A seguir, continuo estampando as "Reminiscências culinárias", de Antônio Houaiss. À mesa, pois!!!

"Aprendi, desde então, que repetir matéria-prima alimentar, prato, receita, feitura - ou é desumanidade mais burrice mais estupidez mais comodismo, ou é exploração do homem pelo homem, isto é, achatamento com aviltamento com depauperamento (físico e mental) do homem. E adorei, desde cedo, a palavra onívoro, que até hoje, muito enfaticamente, pronuncio (como certos outros velhos da minha idade) omnívoro.

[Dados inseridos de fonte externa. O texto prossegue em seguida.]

lemma norm_dominated_extension_step:
  fixes f :: "'a::real_normed_vector \<Rightarrow> real"
  assumes f: "linear f" and dom: "\<forall>x\<in>span S. f x \<le> norm x" and v: "v \<notin> span S"
  shows "\<exists>g. linear g \<and> (\<forall>x\<in>span S. g x = f x) \<and> (\<forall>x\<in>span (insert v S). g x \<le> norm x)"
proof -
  obtain p where p: "linear p" "\<forall>x\<in>span S. p x = 0" "p v = (1::real)"
    using linear_functional_vanishing_on_span[OF v] by blast
  obtain d where d: "\<forall>u\<in>span S. f u - norm (u - v) \<le> d" "\<forall>w\<in>span S. d \<le> norm (w + v) - f w"
    using norm_dominated_extension_constant[OF f dom] by blast
  define g where "g x = f x + (d - f v) * p x" for x
  have "linear g"
    using f p(1) unfolding g_def linear_iff by (simp add: algebra_simps)
  moreover have "\<forall>x\<in>span S. g x = f x"
    using p(2) by (simp add: g_def)
  moreover have "g x \<le> norm x" if x: "x \<in> span (insert v S)" for x
  proof -
    obtain k where w: "x - k *\<^sub>R v \<in> span S"
      using x span_breakdown_eq by blast
    have "p (x - k *\<^sub>R v) = 0" using p(2) w by blast
    then have "p x = k"
      using p(3) by (simp add: linear_diff[OF p(1)] linear_scale[OF p(1)])
    then have "g x = f (x - k *\<^sub>R v) + k * d"
      using f unfolding g_def by (simp add: linear_diff linear_scale algebra_simps)
    also have "\<dots> \<le> norm (x - k *\<^sub>R v + k *\<^sub>R v)"
      by (rule norm_dominated_extension_bound[OF f dom d w])
    finally show ?thesis by simp
  qed
  ultimately show ?thesis by blast
qed

lemma norm_dominated_extension:
  fixes f :: "'a::real_normed_vector \<Rightarrow> real"
  assumes "finite F" and "linear f" and "\<forall>x\<in>span S. f x \<le> norm x"
  shows "\<exists>g. linear g \<and> (\<forall>x\<in>span S. g x = f x) \<and> (\<forall>x\<in>span (F \<union> S). g x \<le> norm x)"
  using assms(1)
proof (induction F rule: finite_induct)
  case empty
  then show ?case using assms by auto
next
  case (insert v F)
  then obtain g where g: "linear g" "\<forall>x\<in>span S. g x = f x" "\<forall>x\<in>span (F \<union> S). g x \<le> norm x"
    by blast
  show ?case
  proof (cases "v \<in> span (F \<union> S)")
    case True
    then have "span (insert v F \<union> S) = span (F \<union> S)"
      using span_redundant by simp
    then show ?thesis using g by auto
  next
    case False
    then obtain h where h: "linear h" "\<forall>x\<in>span (F \<union> S). h x = g x"
        "\<forall>x\<in>span (insert v (F \<union> S)). h x \<le> norm x"
      using norm_dominated_extension_step[OF g(1,3)] by blast
    have "span S \<subseteq> span (F \<union> S)" by (rule span_mono) auto
    then show ?thesis using h g by (intro exI[of _ h]) auto
  qed
qed

lemma norming_functional_on_span:
  fixes z :: "'a::real_normed_vector"
  assumes "z \<noteq> 0" and "finite F"
  shows "\<exists>f. linear f \<and> f z = norm z \<and> (\<forall>x\<in>span (insert z F). f x \<le> norm x)"
proof -
  have "z \<notin> span {}" using assms(1) by simp
  then obtain p where p: "linear p" "p z = (1::real)"
    using linear_functional_vanishing_on_span by blast
  define f where "f x = norm z * p x" for x
  have "linear f"
    using p(1) unfolding f_def linear_iff by (simp add: algebra_simps)
  moreover have "\<forall>x\<in>span {z}. f x \<le> norm x"
  proof
    fix x assume "x \<in> span {z}"
    then obtain c where "x = c *\<^sub>R z" by (auto simp: span_singleton)
    moreover have "f x = c * norm z"
      using p \<open>x = c *\<^sub>R z\<close> by (simp add: f_def linear_scale)
    ultimately show "f x \<le> norm x"
      by (simp add: mult_right_mono)
  qed
  ultimately obtain g where g: "linear g" "\<forall>x\<in>span {z}. g x = f x" "\<forall>x\<in>span (F \<union> {z}). g x \<le> norm x"
    using norm_dominated_extension[OF assms(2)] by blast
  moreover have "g z = norm z"
    using g(2) p(2) span_base[of z "{z}"] by (simp add: f_def)
  ultimately show ?thesis by auto
qed

lemma bj_orth_norm_scaleR_add_ge:
  assumes "bj_orth u v"
  shows "\<bar>c\<bar> * norm u \<le> norm (c *\<^sub>R u + v)"
proof (cases "c = 0")
  case False
  have "norm u \<le> norm (u + (1 / c) *\<^sub>R v)"
    using assms unfolding bj_orth_def by blast
  also have "\<bar>c\<bar> * norm (u + (1 / c) *\<^sub>R v) = norm (c *\<^sub>R u + v)"
    using False by (simp flip: norm_scaleR add: scaleR_add_right)
  finally show ?thesis using False by (simp add: mult_left_mono)
qed simp

lemma bj_orth_kernel_of_norming_functional:
  assumes "subspace E" "z \<in> E" "h \<in> E" "linear f" "f z = norm z" "\<forall>x\<in>E. f x \<le> norm x" "f h = 0"
  shows "bj_orth z h"
  unfolding bj_orth_def
proof
  fix t :: real
  have "f (z + t *\<^sub>R h) = norm z"
    using assms by (simp add: linear_add linear_scale)
  then show "norm z \<le> norm (z + t *\<^sub>R h)"
    using assms by (metis subspace_add subspace_scale)
qed

lemma preserves_bj_at_norming_functional_le:
  fixes T :: "'a::real_normed_vector \<Rightarrow> 'b::real_normed_vector"
  assumes T: "linear T" and pres: "preserves_bj_at T z" and "z \<noteq> 0"
    and E: "subspace E" "z \<in> E" "w \<in> E"
    and f: "linear f" "f z = norm z" "\<forall>x\<in>E. f x \<le> norm x"
  shows "f w * norm (T z) \<le> norm z * norm (T w)"
proof -
  define c where "c = f w / norm z"
  define h where "h = w - c *\<^sub>R z"
  have "h \<in> E" using E by (simp add: h_def subspace_diff subspace_scale)
  moreover have "f h = 0"
    using \<open>z \<noteq> 0\<close> f by (simp add: h_def c_def linear_diff linear_scale)
  ultimately have "bj_orth z h"
    using E f by (intro bj_orth_kernel_of_norming_functional)
  then have "bj_orth (T z) (T h)"
    using pres unfolding preserves_bj_at_def by blast
  then have "\<bar>c\<bar> * norm (T z) \<le> norm (T w)"
    using bj_orth_norm_scaleR_add_ge[of "T z" "T h" c] T
    by (simp add: h_def linear_diff linear_scale)
  then have "norm z * (c * norm (T z)) \<le> norm z * norm (T w)"
    by (intro mult_left_mono) (auto intro: order_trans[OF mult_right_mono[OF abs_ge_self]])
  then show ?thesis
    using \<open>z \<noteq> 0\<close> by (simp add: c_def)
qed

definition supporting_slope :: "('a::real_normed_vector \<Rightarrow> 'b::real_normed_vector) \<Rightarrow> 'a \<Rightarrow> 'a \<Rightarrow> real \<Rightarrow> bool" where
  "supporting_slope T z y s \<longleftrightarrow> (\<forall>r::real. norm z + r * s \<le> norm (z + r *\<^sub>R y) \<and>
      norm (T z) * (norm z + r * s) \<le> norm z * norm (T (z + r *\<^sub>R y)))"

lemma supporting_slope_at_preserving_point:
  fixes T :: "'a::real_normed_vector \<Rightarrow> 'b::real_normed_vector"
  assumes T: "linear T" and pres: "preserves_bj_at T z"
  shows "\<exists>s\<in>{-norm y..norm y}. supporting_slope T z y s"
proof (cases "z = 0")
  case True
  then show ?thesis using linear_0[OF T] by (intro bexI[of _ 0]) (auto simp: supporting_slope_def)
next
  case False
  define E where "E = span {z, y}"
  obtain f where f: "linear f" "f z = norm z" "\<forall>x\<in>E. f x \<le> norm x"
    using norming_functional_on_span[OF False, of "{y}"] by (auto simp: E_def)
  have E: "subspace E" "z \<in> E" "y \<in> E"
    by (simp_all add: E_def span_base)
  have "f y \<le> norm y" "- f y \<le> norm y"
    using f(3) E subspace_neg[OF E(1,3)] by (auto simp: linear_neg[OF f(1)])
  moreover have "supporting_slope T z y (f y)"
    unfolding supporting_slope_def
  proof
    fix r :: real
    have w: "z + r *\<^sub>R y \<in> E" and fw: "f (z + r *\<^sub>R y) = norm z + r * f y"
      using E f by (simp_all add: subspace_add subspace_scale linear_add linear_scale)
    show "norm z + r * f y \<le> norm (z + r *\<^sub>R y) \<and>
        norm (T z) * (norm z + r * f y) \<le> norm z * norm (T (z + r *\<^sub>R y))"
      using f(3)[rule_format, OF w] preserves_bj_at_norming_functional_le[OF T pres False E(1,2) w f]
      unfolding fw by (simp add: mult.commute)
  qed
  ultimately show ?thesis by auto
qed

lemma closed_Collect_ex_compact:
  fixes C :: "('a::topological_space \<times> 'b::topological_space) set"
  assumes "compact K" and "closed C"
  shows "closed {x. \<exists>s\<in>K. (x, s) \<in> C}"
  unfolding closed_def
proof (rule Topological_Spaces.openI)
  fix x assume "x \<in> - {x. \<exists>s\<in>K. (x, s) \<in> C}"
  then have "{x} \<times> K \<subseteq> - C" by auto
  from Elementary_Topology.tube_lemma[OF assms(1) open_Compl[OF assms(2)] this]
  obtain X where X: "x \<in> X" "open X" "X \<times> K \<subseteq> - C" by blast
  then have "X \<subseteq> - {x. \<exists>s\<in>K. (x, s) \<in> C}" by auto
  with X show "\<exists>X. open X \<and> x \<in> X \<and> X \<subseteq> - {x. \<exists>s\<in>K. (x, s) \<in> C}" by blast
qed

lemma closed_supporting_slope_set:
  fixes T :: "'a::real_normed_vector \<Rightarrow> 'b::real_normed_vector"
  assumes "bounded_linear T"
  shows "closed {z. \<exists>s\<in>{-norm y..norm y}. supporting_slope T z y s}"
proof -
  have "closed {(z, s). supporting_slope T z y s}"
    unfolding supporting_slope_def case_prod_beta
    by (intro closed_Collect_all closed_Collect_conj closed_Collect_le
        continuous_intros bounded_linear.continuous_on[OF assms])
  from closed_Collect_ex_compact[OF compact_Icc this] show ?thesis
    by simp
qed

lemma supporting_slope_everywhere:
  fixes T :: "'a::real_normed_vector \<Rightarrow> 'b::real_normed_vector"
  assumes T: "bounded_linear T" and dense: "closure U = UNIV" and pres: "\<forall>x\<in>U. preserves_bj_at T x"
  shows "\<exists>s. supporting_slope T z y s"
proof -
  have "U \<subseteq> {z. \<exists>s\<in>{-norm y..norm y}. supporting_slope T z y s}"
    using pres supporting_slope_at_preserving_point[OF bounded_linear.linear[OF T]] by blast
  then have "closure U \<subseteq> {z. \<exists>s\<in>{-norm y..norm y}. supporting_slope T z y s}"
    by (rule closure_minimal[OF _ closed_supporting_slope_set[OF T]])
  then show ?thesis using dense by blast
qed

lemma ratio_drop_le_defect:
  fixes \<phi>t \<phi>u \<psi>t \<psi>u h s m B :: real
  assumes "0 < m" "m \<le> \<phi>t" "m \<le> \<phi>u" "0 \<le> \<psi>t" "\<psi>t \<le> B * \<phi>t"
    and "\<phi>t + h * s \<le> \<phi>u" "\<psi>t * (\<phi>t + h * s) \<le> \<phi>t * \<psi>u"
  shows "\<psi>t / \<phi>t - B * (\<phi>u - \<phi>t - h * s) / m \<le> \<psi>u / \<phi>u"
proof -
  define \<rho> where "\<rho> = \<psi>t / \<phi>t"
  define d where "d = \<phi>u - \<phi>t - h * s"
  have "0 < \<phi>t" "0 < \<phi>u" "0 \<le> d" using assms by (simp_all add: d_def)
  have "\<rho> * (\<phi>u - d) \<le> \<psi>u"
    using assms(7) \<open>0 < \<phi>t\<close> by (simp add: \<rho>_def d_def pos_divide_le_eq mult.commute)
  have "0 \<le> \<rho>" "\<rho> \<le> B"
    using assms(4,5) \<open>0 < \<phi>t\<close> by (simp_all add: \<rho>_def pos_divide_le_eq)
  have "\<rho> * d / \<phi>u \<le> \<rho> * d / m"
    using \<open>0 \<le> \<rho>\<close> \<open>0 \<le> d\<close> assms(1,3) by (intro divide_left_mono) auto
  also have "\<dots> \<le> B * d / m"
    using \<open>\<rho> \<le> B\<close> \<open>0 \<le> d\<close> assms(1) by (intro divide_right_mono mult_right_mono) auto
  finally have "\<rho> - B * d / m \<le> \<rho> * (\<phi>u - d) / \<phi>u"
    using \<open>0 < \<phi>u\<close> by (simp add: diff_divide_distrib right_diff_distrib)
  also have "\<dots> \<le> \<psi>u / \<phi>u"
    using \<open>\<rho> * (\<phi>u - d) \<le> \<psi>u\<close> \<open>0 < \<phi>u\<close> by (intro divide_right_mono) auto
  finally show ?thesis by (simp add: \<rho>_def d_def)
qed

lemma ratio_le_of_supporting_slopes_partition:
  fixes \<phi> \<psi> \<sigma> :: "real \<Rightarrow> real"
  assumes "0 < m"
    and bounds: "\<forall>t\<in>{0..1}. m \<le> \<phi> t \<and> 0 \<le> \<psi> t \<and> \<psi> t \<le> B * \<phi> t"
    and slope: "\<forall>t\<in>{0..1}. \<forall>u\<in>{0..1}.
      \<phi> t + (u - t) * \<sigma> t \<le> \<phi> u \<and> \<psi> t * (\<phi> t + (u - t) * \<sigma> t) \<le> \<phi> t * \<psi> u"
    and "N > 0"
  shows "\<psi> 0 / \<phi> 0 - B * (\<sigma> 1 - \<sigma> 0) / m / real N \<le> \<psi> 1 / \<phi> 1"
proof -
  define \<rho> where "\<rho> t = \<psi> t / \<phi> t" for t
  define t where "t k = real k / real N" for k
  have "0 < \<phi> 0" "0 \<le> B * \<phi> 0"
    using bounds \<open>0 < m\<close> by (auto dest!: bspec[of _ _ 0])
  then have "B \<ge> 0" by (simp add: zero_le_mult_iff)
  have t_in: "t k \<in> {0..1}" if "k \<le> N" for k
    using that \<open>N > 0\<close> by (simp add: t_def)
  have t_Suc: "t (Suc k) - t k = 1 / real N" for k
    by (simp add: t_def diff_divide_distrib[symmetric])
  have ends: "t 0 = 0" "t N = 1"
    using \<open>N > 0\<close> by (simp_all add: t_def)
  have drop: "\<rho> (t k) - \<rho> (t (Suc k))
      \<le> B * (\<phi> (t (Suc k)) - \<phi> (t k) - (t (Suc k) - t k) * \<sigma> (t k)) / m" if "k < N" for k
  proof -
    have "t k \<in> {0..1}" "t (Suc k) \<in> {0..1}" using t_in that by simp_all
    then have "\<rho> (t k) - B * (\<phi> (t (Suc k)) - \<phi> (t k) - (t (Suc k) - t k) * \<sigma> (t k)) / m
        \<le> \<rho> (t (Suc k))"
      unfolding \<rho>_def using bounds slope by (intro ratio_drop_le_defect[OF \<open>0 < m\<close>]) auto
    then show ?thesis by linarith
  qed
  have defect: "\<phi> (t (Suc k)) - \<phi> (t k) - (t (Suc k) - t k) * \<sigma> (t k)
      \<le> (\<sigma> (t (Suc k)) - \<sigma> (t k)) / real N" if "k < N" for k
  proof -
    have "\<phi> (t (Suc k)) + (t k - t (Suc k)) * \<sigma> (t (Suc k)) \<le> \<phi> (t k)"
      using slope t_in[of k] t_in[of "Suc k"] that by auto
    moreover have "t k - t (Suc k) = - (1 / real N)" using t_Suc[of k] by simp
    ultimately show ?thesis
      unfolding t_Suc diff_divide_distrib by simp
  qed
  have "\<rho> 0 - \<rho> 1 = (\<Sum>k<N. \<rho> (t k) - \<rho> (t (Suc k)))"
    using sum_lessThan_telescope'[of "\<lambda>k. \<rho> (t k)" N] by (simp add: ends)
  also have "\<dots> \<le> (\<Sum>k<N. B * ((\<sigma> (t (Suc k)) - \<sigma> (t k)) / real N) / m)"
    using drop defect \<open>B \<ge> 0\<close> \<open>0 < m\<close>
    by (intro sum_mono order_trans[OF drop] divide_right_mono mult_left_mono) auto
  also have "\<dots> = B * (\<sigma> 1 - \<sigma> 0) / m / real N"
    unfolding sum_divide_distrib[symmetric] sum_distrib_left[symmetric]
    by (simp add: sum_lessThan_telescope[of "\<lambda>k. \<sigma> (t k)"] ends mult.commute)
  finally show ?thesis by (simp add: \<rho>_def)
qed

Já a partir desse momento comecei a desconfiar dos boas-bocas. São esses seres que, se convidados para uma refeição em sua casa, o tranquilizam, afirmando que são boa-boca. Livrei-me cedo dessa peste, quando recebi uma delas e pedi a minha mãe que requintasse. A peste foi impotente de sequer tocar num só dos pratos oferecidos - rejubilando-se com a solução 'de indústria', uns restos de feijão preto, de arroz, de farinha de mandioca, de laranja cortada e um bife frito na hora -, que o monstrinho honrou bobamente feliz, na sua felicidade cotidiana, para tristeza e constrangimento nosso. (Nutro, vindicativamente, a ilusão de que o inferno é pavimentado de muitos e muitas boas-bocas.

Com tais preâmbulos, devo confessar que eu era, pelos nove anos, o que são, adultos, todos os bons gastrônomos, a saber, era admirador incondicional da cozinha de minha mãe, que - trabalhadeiríssima - só nos dava a dita em fim de semana. Falo da mãe de todos os gastrônomos e, felizmente, de todos os bons comedores qualitativos - que se tende a dizer à francesa gourmets - e, infelizmente, de todos os grandes comedores quantitativos - que se tende dizer à francesa gourmands. Mas repito: a mãe é na reminiscência universal a grande cozinheira, a grande iniciadora da boa sobrevivência, a grande multiplicadora não apenas da vida, mas da alegria de viver, que vem dela - em função do maior prazer - e sobrevive graças a ela - em função do segundo maior prazer. Terceiros ou quartos - poder, riqueza, ódio - são compensãções...Mas a mãe só é justiçada a tal respeito nas confidências, porque - machistíssimos como somos desde o império do patriarcado universal (ou quase) - só consagramos os grandes cozinheiros, os grandes chefs, os grandes gastrônomos...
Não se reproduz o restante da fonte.